About this task ▸ How many lines of these entries hold the string "finite"? Reply with the number alone.

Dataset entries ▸
section \<open>Chebyshev's inequality for uncorrelated sums\<close>

lemma abs_mult_le_sum_squares: "\<bar>(a::real) * b\<bar> \<le> a\<^sup>2 + b\<^sup>2"
proof -
  have "2 * (\<bar>a\<bar> * \<bar>b\<bar>) \<le> a\<^sup>2 + b\<^sup>2"
    using sum_squares_bound[of "\<bar>a\<bar>" "\<bar>b\<bar>"] by (simp add: mult.assoc)
  moreover have "0 \<le> \<bar>a\<bar> * \<bar>b\<bar>"
    by simp
  ultimately show ?thesis
    unfolding abs_mult by linarith
qed

lemma integrable_mult_of_square_integrable:
  fixes f g :: "'a \<Rightarrow> real"
  assumes "f \<in> borel_measurable M" "g \<in> borel_measurable M"
    and "integrable M (\<lambda>x. (f x)\<^sup>2)" "integrable M (\<lambda>x. (g x)\<^sup>2)"
  shows "integrable M (\<lambda>x. f x * g x)"
  by (rule Bochner_Integration.integrable_bound[where f="\<lambda>x. (f x)\<^sup>2 + (g x)\<^sup>2"])
     (use assms abs_mult_le_sum_squares in auto)

lemma (in prob_space) expectation_square_sum_uncorrelated:
  fixes Z :: "'k \<Rightarrow> 'a \<Rightarrow> real"
  assumes "finite K"
    and int: "\<And>k m. k \<in> K \<Longrightarrow> m \<in> K \<Longrightarrow> integrable M (\<lambda>\<omega>. Z k \<omega> * Z m \<omega>)"
    and uncorr: "\<And>k m. k \<in> K \<Longrightarrow> m \<in> K \<Longrightarrow> k \<noteq> m \<Longrightarrow> expectation (\<lambda>\<omega>. Z k \<omega> * Z m \<omega>) = 0"
  shows "integrable M (\<lambda>\<omega>. (\<Sum>k\<in>K. Z k \<omega>)\<^sup>2)"
    "expectation (\<lambda>\<omega>. (\<Sum>k\<in>K. Z k \<omega>)\<^sup>2) = (\<Sum>k\<in>K. expectation (\<lambda>\<omega>. (Z k \<omega>)\<^sup>2))"
proof -
  have square: "(\<lambda>\<omega>. (\<Sum>k\<in>K. Z k \<omega>)\<^sup>2) = (\<lambda>\<omega>. \<Sum>k\<in>K. \<Sum>m\<in>K. Z k \<omega> * Z m \<omega>)"
    by (simp add: power2_eq_square sum_product)
  show "integrable M (\<lambda>\<omega>. (\<Sum>k\<in>K. Z k \<omega>)\<^sup>2)"
    unfolding square by (intro Bochner_Integration.integrable_sum int)
  have "expectation (\<lambda>\<omega>. (\<Sum>k\<in>K. Z k \<omega>)\<^sup>2) = (\<Sum>k\<in>K. \<Sum>m\<in>K. expectation (\<lambda>\<omega>. Z k \<omega> * Z m \<omega>))"
    unfolding square using int by (simp add: Bochner_Integration.integral_sum)
  also have "\<dots> = (\<Sum>k\<in>K. \<Sum>m\<in>K. if m = k then expectation (\<lambda>\<omega>. (Z k \<omega>)\<^sup>2) else 0)"
    using uncorr by (intro sum.cong refl) (auto simp: power2_eq_square)
  also have "\<dots> = (\<Sum>k\<in>K. expectation (\<lambda>\<omega>. (Z k \<omega>)\<^sup>2))"
    using \<open>finite K\<close> by simp
  finally show "expectation (\<lambda>\<omega>. (\<Sum>k\<in>K. Z k \<omega>)\<^sup>2) = (\<Sum>k\<in>K. expectation (\<lambda>\<omega>. (Z k \<omega>)\<^sup>2))" .
qed

lemma (in prob_space) expectation_square_sum_deviation_le:
  fixes Y :: "nat \<Rightarrow> 'a \<Rightarrow> real"
  assumes meas: "\<And>k. k < d \<Longrightarrow> Y k \<in> borel_measurable M"
    and square_int: "\<And>k. k < d \<Longrightarrow> integrable M (\<lambda>\<omega>. (Y k \<omega>)\<^sup>2)"
    and square_le: "\<And>k. k < d \<Longrightarrow> expectation (\<lambda>\<omega>. (Y k \<omega>)\<^sup>2) \<le> C"
    and mean: "\<And>k. k < d \<Longrightarrow> expectation (Y k) = \<mu>"
    and uncorr: "\<And>k m. k < d \<Longrightarrow> m < d \<Longrightarrow> k \<noteq> m \<Longrightarrow> expectation (\<lambda>\<omega>. Y k \<omega> * Y m \<omega>) = \<mu>\<^sup>2"
  shows "integrable M (\<lambda>\<omega>. ((\<Sum>k<d. Y k \<omega>) - real d * \<mu>)\<^sup>2)"
    "expectation (\<lambda>\<omega>. ((\<Sum>k<d. Y k \<omega>) - real d * \<mu>)\<^sup>2) \<le> real d * C"
proof -
  have int: "integrable M (Y k)" if "k < d" for k
    using square_integrable_imp_integrable[OF meas square_int] that by simp
  have int_mult: "integrable M (\<lambda>\<omega>. Y k \<omega> * Y m \<omega>)" if "k < d" "m < d" for k m
    using integrable_mult_of_square_integrable[OF meas meas square_int square_int] that by simp
  define Z where "Z k \<omega> = Y k \<omega> - \<mu>" for k \<omega>
  have Z_mult: "Z k \<omega> * Z m \<omega> = Y k \<omega> * Y m \<omega> - \<mu> * Y k \<omega> - \<mu> * Y m \<omega> + \<mu>\<^sup>2" for k m \<omega>
    unfolding Z_def by (simp add: algebra_simps power2_eq_square)
  have int_Z: "integrable M (\<lambda>\<omega>. Z k \<omega> * Z m \<omega>)" if "k < d" "m < d" for k m
    unfolding Z_mult using int_mult[OF that] int that by simp
  have expect_Z: "expectation (\<lambda>\<omega>. Z k \<omega> * Z m \<omega>) = expectation (\<lambda>\<omega>. Y k \<omega> * Y m \<omega>) - \<mu>\<^sup>2"
    if "k < d" "m < d" for k m
    unfolding Z_mult using int_mult[OF that] int mean that by (simp add: prob_space power2_eq_square)
  have sum_Z: "(\<Sum>k<d. Z k \<omega>) = (\<Sum>k<d. Y k \<omega>) - real d * \<mu>" for \<omega>
    unfolding Z_def by (simp add: sum_subtractf)
  note Z_sum = expectation_square_sum_uncorrelated[of "{..<d}" Z, unfolded sum_Z]
  show "integrable M (\<lambda>\<omega>. ((\<Sum>k<d. Y k \<omega>) - real d * \<mu>)\<^sup>2)"
    using int_Z expect_Z uncorr by (intro Z_sum(1)) auto
  have "expectation (\<lambda>\<omega>. ((\<Sum>k<d. Y k \<omega>) - real d * \<mu>)\<^sup>2) = (\<Sum>k<d. expectation (\<lambda>\<omega>. (Z k \<omega>)\<^sup>2))"
    using int_Z expect_Z uncorr by (intro Z_sum(2)) auto
  also have "\<dots> \<le> (\<Sum>k<d. C)"
  proof (intro sum_mono)
    fix k assume "k \<in> {..<d}"
    then have "k < d"
      by simp
    then have "expectation (\<lambda>\<omega>. (Z k \<omega>)\<^sup>2) = expectation (\<lambda>\<omega>. (Y k \<omega>)\<^sup>2) - \<mu>\<^sup>2"
      using expect_Z[of k k] by (simp add: power2_eq_square)
    moreover have "expectation (\<lambda>\<omega>. (Y k \<omega>)\<^sup>2) \<le> C"
      using square_le \<open>k < d\<close> .
    moreover have "0 \<le> \<mu>\<^sup>2"
      by simp
    ultimately show "expectation (\<lambda>\<omega>. (Z k \<omega>)\<^sup>2) \<le> C"
      by linarith
  qed
  finally show "expectation (\<lambda>\<omega>. ((\<Sum>k<d. Y k \<omega>) - real d * \<mu>)\<^sup>2) \<le> real d * C"
    by simp
qed

lemma (in prob_space) prob_sum_deviation_le:
  fixes Y :: "nat \<Rightarrow> 'a \<Rightarrow> real"
  assumes meas: "\<And>k. k < d \<Longrightarrow> Y k \<in> borel_measurable M"
    and square_int: "\<And>k. k < d \<Longrightarrow> integrable M (\<lambda>\<omega>. (Y k \<omega>)\<^sup>2)"
    and square_le: "\<And>k. k < d \<Longrightarrow> expectation (\<lambda>\<omega>. (Y k \<omega>)\<^sup>2) \<le> C"
    and mean: "\<And>k. k < d \<Longrightarrow> expectation (Y k) = \<mu>"
    and uncorr: "\<And>k m. k < d \<Longrightarrow> m < d \<Longrightarrow> k \<noteq> m \<Longrightarrow> expectation (\<lambda>\<omega>. Y k \<omega> * Y m \<omega>) = \<mu>\<^sup>2"
    and "0 < t" "0 < d"
  shows "prob {\<omega> \<in> space M. t * real d \<le> \<bar>(\<Sum>k<d. Y k \<omega>) - real d * \<mu>\<bar>} \<le> C / (real d * t\<^sup>2)"
proof -
  note square = expectation_square_sum_deviation_le[OF meas square_int square_le mean uncorr]
  have "prob {\<omega> \<in> space M. t * real d \<le> \<bar>(\<Sum>k<d. Y k \<omega>) - real d * \<mu>\<bar>} \<le>
      expectation (\<lambda>\<omega>. ((\<Sum>k<d. Y k \<omega>) - real d * \<mu>)\<^sup>2) / (t * real d)\<^sup>2"
    using meas \<open>0 < t\<close> \<open>0 < d\<close> by (intro second_moment_method square(1)) auto
  also have "\<dots> \<le> real d * C / (t * real d)\<^sup>2"
    by (intro divide_right_mono square(2) zero_le_power2)
  also have "\<dots> = C / (real d * t\<^sup>2)"
    using \<open>0 < d\<close> by (simp add: power2_eq_square)
  finally show ?thesis .
qed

Answer to the problem ▸ 2